ASSIGNMENT: The answer is one number. Say how many lines in the entries below include the word "maximal".
*****
(* Let $q$ be even and let $G=Sp(2n,q)=C_n(q)$ with $n>1$, or $G=\mathrm{Spin}^+(2n,q)=D_n(q)$ with $n>3$. Let $T_0$ be a split maximal torus of $G$ and $W=N_G(T_0)/T_0$ the Weyl group, acting on $\mathrm{Irr}\,T_0$ by conjugation. Then for every non-trivial $\beta\in\mathrm{Irr}\,T_0$ one has $|W\beta|\ge 2n$.
   Context: $T_0$ is a maximal torus contained in a Borel subgroup of the finite (non-twisted) Chevalley group $G$; it is a direct product of cyclic groups of order $q-1$. $W\beta$ denotes the orbit of $\beta$ under $W$. *)

theory Defs
  imports Complex_Main "HOL-Library.FuncSet" "Jordan_Normal_Form.Matrix"
begin

definition sp_form :: "nat \<Rightarrow> 'a :: field mat" where
  "sp_form n = mat (2*n) (2*n) (\<lambda>(i,j).
      if i < n \<and> j = i + n then 1 else if n \<le> i \<and> i = j + n then - 1 else 0)"

definition Sp :: "nat \<Rightarrow> 'a :: field mat set" where
  "Sp n = {A \<in> carrier_mat (2*n) (2*n). transpose_mat A * sp_form n * A = sp_form n}"

definition quad_plus :: "nat \<Rightarrow> 'a :: field vec \<Rightarrow> 'a" where
  "quad_plus n x = (\<Sum>i<n. x $ i * x $ (n + i))"

definition O_plus :: "nat \<Rightarrow> 'a :: field mat set" where
  "O_plus n = {A \<in> carrier_mat (2*n) (2*n). invertible_mat A \<and>
     (\<forall>x \<in> carrier_vec (2*n). quad_plus n (A *\<^sub>v x) = quad_plus n x)}"

text \<open>Omega^+(2n,F): kernel of the Dickson invariant, which in characteristic 2 is
  rank(A - 1) mod 2, i.e. the parity of the dimension of the fixed space of A.
  For a finite field F the fixed space has dimension k iff it has CARD(F)^k elements.
  For q even, Spin^+(2n,q) is isomorphic to Omega^+(2n,q).\<close>
definition Omega_plus :: "nat \<Rightarrow> 'a :: {field, finite} mat set" where
  "Omega_plus n = {A \<in> O_plus n. \<exists>k. even k \<and>
     card {x \<in> carrier_vec (2*n). A *\<^sub>v x = x} = card (UNIV :: 'a set) ^ k}"

definition split_torus :: "nat \<Rightarrow> 'a :: field mat set" where
  "split_torus n = {mat (2*n) (2*n) (\<lambda>(i,j). if i = j then
        (if i < n then t i else inverse (t (i - n))) else 0) | t. \<forall>i<n. t i \<noteq> 0}"

definition normalizer_mat :: "'a :: field mat set \<Rightarrow> 'a mat set \<Rightarrow> 'a mat set" where
  "normalizer_mat G T = {g \<in> G. \<exists>h \<in> G. g * h = 1\<^sub>m (dim_row g) \<and> h * g = 1\<^sub>m (dim_row g)
       \<and> (\<lambda>t. g * t * h) ` T = T}"

text \<open>Linear (= irreducible, T abelian) complex characters of T.\<close>
definition linear_char :: "'a :: field mat set \<Rightarrow> ('a mat \<Rightarrow> complex) \<Rightarrow> bool" where
  "linear_char T \<beta> \<longleftrightarrow> (\<forall>s \<in> T. \<forall>t \<in> T. \<beta> (s * t) = \<beta> s * \<beta> t) \<and> (\<forall>t \<in> T. \<beta> t \<noteq> 0)"

text \<open>Orbit of beta under W = N_G(T)/T acting by conjugation; characters are
  considered as functions on T (restricted to T).\<close>
definition weyl_orbit :: "'a :: field mat set \<Rightarrow> 'a mat set \<Rightarrow> ('a mat \<Rightarrow> complex)
    \<Rightarrow> ('a mat \<Rightarrow> complex) set" where
  "weyl_orbit G T \<beta> = {restrict (\<lambda>t. \<beta> (h * t * g)) T | g h.
      g \<in> normalizer_mat G T \<and> h \<in> G \<and> g * h = 1\<^sub>m (dim_row g) \<and> h * g = 1\<^sub>m (dim_row g)}"

end

theory Submission
  imports Defs "HOL-Library.Numeral_Type" "HOL-Library.Disjoint_Sets"
begin

text \<open>A character \<open>\<beta>\<close> of the split torus \<open>T \<cong> (F\<^sup>\<times>)\<^sup>n\<close> is a tuple of characters
  \<open>\<chi>\<^sub>1, ..., \<chi>\<^sub>n\<close> of \<open>F\<^sup>\<times>\<close>, and the Weyl group contains the signed permutation matrices
  of involutions (for \<open>\<Omega>\<^sup>+\<close>, those whose fixed space has even dimension), acting by permuting
  the \<open>\<chi>\<^sub>i\<close> and inverting some of them. As \<open>q\<close> is even, squaring is bijective on
  \<open>F\<^sup>\<times>\<close>, so every nontrivial \<open>\<chi>\<^sub>i\<close> differs from its inverse. Fix \<open>j\<close> in the
  (nonempty) support \<open>K\<close> of \<open>\<beta>\<close>. Sign changes on \<open>2 |K|\<close> sets with distinct traces on
  \<open>K\<close> give distinct conjugates of \<open>\<beta>\<close>, and moving \<open>\<chi>\<^sub>j\<close> or \<open>\<chi>\<^sub>j\<inverse>\<close> to a
  coordinate outside \<open>K\<close> gives \<open>2 (n - |K|)\<close> further ones. If \<open>K\<close> is everything and only
  even sign changes are allowed, \<open>2 n\<close> sets of even size suffice since \<open>n > 3\<close>.\<close>

lemma char_two_if_card_even:
  assumes "even (card (UNIV :: 'a :: {field, finite} set))"
  shows "(1::'a) + 1 = 0"
proof (rule ccontr)
  assume two: "(1::'a) + 1 \<noteq> 0"
  \<comment> \<open>Then negation is a fixed-point-free involution of the nonzero elements, so their
    number vanishes in the two-element ring \<open>2\<close>.\<close>
  have "(\<Sum>x\<in>UNIV - {0::'a}. 1 :: 2) = 0"
  proof (rule sum_involution_eq_0[where h = uminus])
    fix x :: 'a assume "x \<in> UNIV - {0}"
    show "- x \<noteq> x"
    proof
      assume "- x = x"
      then have "x + x = 0" using add.right_inverse[of x] by simp
      then have "(1 + 1) * x = 0" by (simp add: distrib_right)
      then show False using two \<open>x \<in> UNIV - {0}\<close> by simp
    qed
  qed auto
  then have "of_nat (card (UNIV - {0::'a})) = (0::2)"
    by (simp only: sum_constant mult_1_right)
  then have "even (card (UNIV - {0::'a}))"
    by (subst (asm) of_nat_eq_0_iff_char_dvd) simp
  then show False
    using assms by (simp add: card_Diff_singleton)
qed

lemma square_surj_char_two:
  assumes char_two: "(1::'a::{field, finite}) + 1 = 0" and "(y::'a) \<noteq> 0"
  shows "\<exists>x. x \<noteq> 0 \<and> x * x = y"
proof -
  have double: "z + z = 0" for z :: 'a
  proof -
    have "z + z = (1 + 1) * z" by (simp add: distrib_right)
    then show ?thesis using char_two by simp
  qed
  have "x = y" if "x * x = y * (y::'a)" for x y
  proof -
    have "(x + y) * (x + y) = (x * x + y * y) + (x * y + x * y)"
      by (simp add: distrib_left distrib_right add_ac mult.commute)
    also have "\<dots> = 0"
      unfolding that double by simp
    finally have "x + y = y + y" using double[of y] by simp
    then show ?thesis by simp
  qed
  then have "inj (\<lambda>x::'a. x * x)" by (rule injI)
  then have "surj (\<lambda>x::'a. x * x)" by (simp add: finite_UNIV_inj_surj)
  then have "y \<in> range (\<lambda>x::'a. x * x)" by simp
  then obtain x where "y = x * x" by (rule rangeE)
  then show ?thesis using assms(2) by (intro exI[of _ x]) auto
qed

lemma finite_carrier_mat: "finite (carrier_mat m k :: 'a::finite mat set)"
proof -
  let ?idx = "{..<m} \<times> {..<k}"
  have "carrier_mat m k \<subseteq> (\<lambda>f. mat m k f) ` (?idx \<rightarrow>\<^sub>E (UNIV :: 'a set))"
  proof
    fix A :: "'a mat" assume "A \<in> carrier_mat m k"
    then have "A = mat m k (restrict (\<lambda>ij. A $$ ij) ?idx)" by auto
    moreover have "restrict (\<lambda>ij. A $$ ij) ?idx \<in> ?idx \<rightarrow>\<^sub>E (UNIV :: 'a set)" by simp
    ultimately show "A \<in> (\<lambda>f. mat m k f) ` (?idx \<rightarrow>\<^sub>E UNIV)" by (rule rev_image_eqI[rotated])
  qed
  moreover have "finite ((\<lambda>f. mat m k f) ` (?idx \<rightarrow>\<^sub>E (UNIV :: 'a set)))"
    by (intro finite_imageI finite_PiE) auto
  ultimately show ?thesis by (rule finite_subset)
qed

lemma finite_weyl_orbit:
  assumes "G \<subseteq> carrier_mat N N"
  shows "finite (weyl_orbit G T (\<beta> :: 'a::{field,finite} mat \<Rightarrow> complex))"
proof -
  have "weyl_orbit G T \<beta> \<subseteq> (\<lambda>(g,h). restrict (\<lambda>t. \<beta> (h * t * g)) T) ` (G \<times> G)"
  proof
    fix f assume "f \<in> weyl_orbit G T \<beta>"
    then obtain g h where "f = restrict (\<lambda>t. \<beta> (h * t * g)) T" "g \<in> G" "h \<in> G"
      unfolding weyl_orbit_def normalizer_mat_def by blast
    then show "f \<in> (\<lambda>(g,h). restrict (\<lambda>t. \<beta> (h * t * g)) T) ` (G \<times> G)"
      by (auto intro: rev_image_eqI[of "(g, h)"])
  qed
  moreover have "finite ((\<lambda>(g,h). restrict (\<lambda>t. \<beta> (h * t * g)) T) ` (G \<times> G))"
    using finite_subset[OF assms finite_carrier_mat] by simp
  ultimately show ?thesis by (rule finite_subset)
qed

definition involution_on :: "nat \<Rightarrow> (nat \<Rightarrow> nat) \<Rightarrow> bool" where
  "involution_on N p \<longleftrightarrow> (\<forall>l<N. p l < N \<and> p (p l) = l)"

definition perm_mat :: "nat \<Rightarrow> (nat \<Rightarrow> nat) \<Rightarrow> 'a::field mat" where
  "perm_mat N p = mat N N (\<lambda>(a, b). if a = p b then 1 else 0)"

lemma perm_mat_carrier [simp]: "perm_mat N p \<in> carrier_mat N N"
  and dim_row_perm_mat [simp]: "dim_row (perm_mat N p) = N"
  and dim_col_perm_mat [simp]: "dim_col (perm_mat N p) = N"
  by (auto simp: perm_mat_def)

lemma involution_onD:
  assumes "involution_on N p" "l < N"
  shows "p l < N" "p (p l) = l"
  using assms unfolding involution_on_def by auto

lemma index_perm_mat:
  "a < N \<Longrightarrow> b < N \<Longrightarrow> perm_mat N p $$ (a, b) = (if a = p b then 1 else 0)"
  by (simp add: perm_mat_def)

lemma index_perm_mat_sym:
  assumes "involution_on N p" "a < N" "b < N"
  shows "perm_mat N p $$ (a, b) = (if b = p a then 1 else 0)"
proof -
  have "(a = p b) = (b = p a)" using assms involution_onD[OF assms(1)] by metis
  then show ?thesis using assms by (simp add: index_perm_mat)
qed

lemma sum_delta_involution:
  assumes "involution_on N p" "a < N"
  shows "(\<Sum>k = 0..<N. if k = p a then f k else 0) = f (p a)"
  using involution_onD[OF assms] by (simp only: sum.delta finite_atLeastLessThan) simp

lemma perm_mat_mult_index:
  assumes p: "involution_on N p" and A: "A \<in> carrier_mat N M" and "a < N" "c < M"
  shows "(perm_mat N p * A) $$ (a, c) = A $$ (p a, c)"
proof -
  have "(perm_mat N p * A) $$ (a, c) = (\<Sum>k = 0..<N. perm_mat N p $$ (a, k) * A $$ (k, c))"
    using assms by (simp add: scalar_prod_def)
  also have "\<dots> = (\<Sum>k = 0..<N. if k = p a then A $$ (k, c) else 0)"
    using assms by (intro sum.cong) (simp_all add: index_perm_mat_sym)
  also have "\<dots> = A $$ (p a, c)"
    using p \<open>a < N\<close> by (rule sum_delta_involution)
  finally show ?thesis .
qed

lemma mult_perm_mat_index:
  assumes "involution_on N p" "A \<in> carrier_mat M N" "a < M" "c < N"
  shows "(A * perm_mat N p) $$ (a, c) = A $$ (a, p c)"
proof -
  have "(A * perm_mat N p) $$ (a, c) = (\<Sum>k = 0..<N. A $$ (a, k) * perm_mat N p $$ (k, c))"
    using assms by (simp add: scalar_prod_def)
  also have "\<dots> = (\<Sum>k = 0..<N. if k = p c then A $$ (a, k) else 0)"
    using assms by (intro sum.cong) (simp_all add: index_perm_mat)
  also have "\<dots> = A $$ (a, p c)"
    using assms(1,4) by (rule sum_delta_involution)
  finally show ?thesis .
qed

lemma perm_mat_mult_vec_index:
  assumes p: "involution_on N p" and "x \<in> carrier_vec N" "a < N"
  shows "(perm_mat N p *\<^sub>v x) $ a = x $ p a"
proof -
  have "(perm_mat N p *\<^sub>v x) $ a = (\<Sum>k = 0..<N. perm_mat N p $$ (a, k) * x $ k)"
    using assms by (simp add: scalar_prod_def)
  also have "\<dots> = (\<Sum>k = 0..<N. if k = p a then x $ k else 0)"
    using assms by (intro sum.cong) (simp_all add: index_perm_mat_sym)
  also have "\<dots> = x $ p a"
    using p \<open>a < N\<close> by (rule sum_delta_involution)
  finally show ?thesis .
qed

lemma perm_mat_conj_index:
  assumes p: "involution_on N p" and "A \<in> carrier_mat N N" "a < N" "b < N"
  shows "(perm_mat N p * A * perm_mat N p) $$ (a, b) = A $$ (p a, p b)"
proof -
  have "perm_mat N p * A \<in> carrier_mat N N"
    using assms(2) by (rule mult_carrier_mat[OF perm_mat_carrier])
  then have "(perm_mat N p * A * perm_mat N p) $$ (a, b) = (perm_mat N p * A) $$ (a, p b)"
    using assms by (intro mult_perm_mat_index[OF p])
  also have "\<dots> = A $$ (p a, p b)"
    using assms involution_onD[OF p \<open>b < N\<close>] by (intro perm_mat_mult_index[OF p])
  finally show ?thesis .
qed

lemma perm_mat_square:
  assumes p: "involution_on N p"
  shows "perm_mat N p * perm_mat N p = (1\<^sub>m N :: 'a::field mat)"
proof (rule eq_matI)
  fix a b assume "a < dim_row (1\<^sub>m N :: 'a mat)" "b < dim_col (1\<^sub>m N :: 'a mat)"
  then have ab: "a < N" "b < N" by auto
  then have "(perm_mat N p * perm_mat N p) $$ (a, b) = (perm_mat N p :: 'a mat) $$ (p a, b)"
    by (intro perm_mat_mult_index[OF p]) auto
  also have "\<dots> = (1\<^sub>m N :: 'a mat) $$ (a, b)"
    using ab involution_onD[OF p] by (simp add: index_perm_mat) metis
  finally show "(perm_mat N p * perm_mat N p) $$ (a, b) = (1\<^sub>m N :: 'a mat) $$ (a, b)" .
qed auto

lemma transpose_perm_mat:
  assumes "involution_on N p"
  shows "transpose_mat (perm_mat N p) = (perm_mat N p :: 'a::field mat)"
proof (rule eq_matI)
  fix a b assume "a < dim_row (perm_mat N p :: 'a mat)" "b < dim_col (perm_mat N p :: 'a mat)"
  then show "transpose_mat (perm_mat N p) $$ (a, b) = (perm_mat N p :: 'a mat) $$ (a, b)"
    using assms by (simp add: index_perm_mat index_perm_mat_sym) (metis involution_onD(2))
qed auto

lemma perm_mat_invertible:
  assumes "involution_on N p"
  shows "invertible_mat (perm_mat N p :: 'a::field mat)"
  using perm_mat_square[OF assms] unfolding invertible_mat_def inverts_mat_def by auto

definition partner :: "nat \<Rightarrow> nat \<Rightarrow> nat" where
  "partner n l = (if l < n then l + n else l - n)"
*****
RESPONSE: 2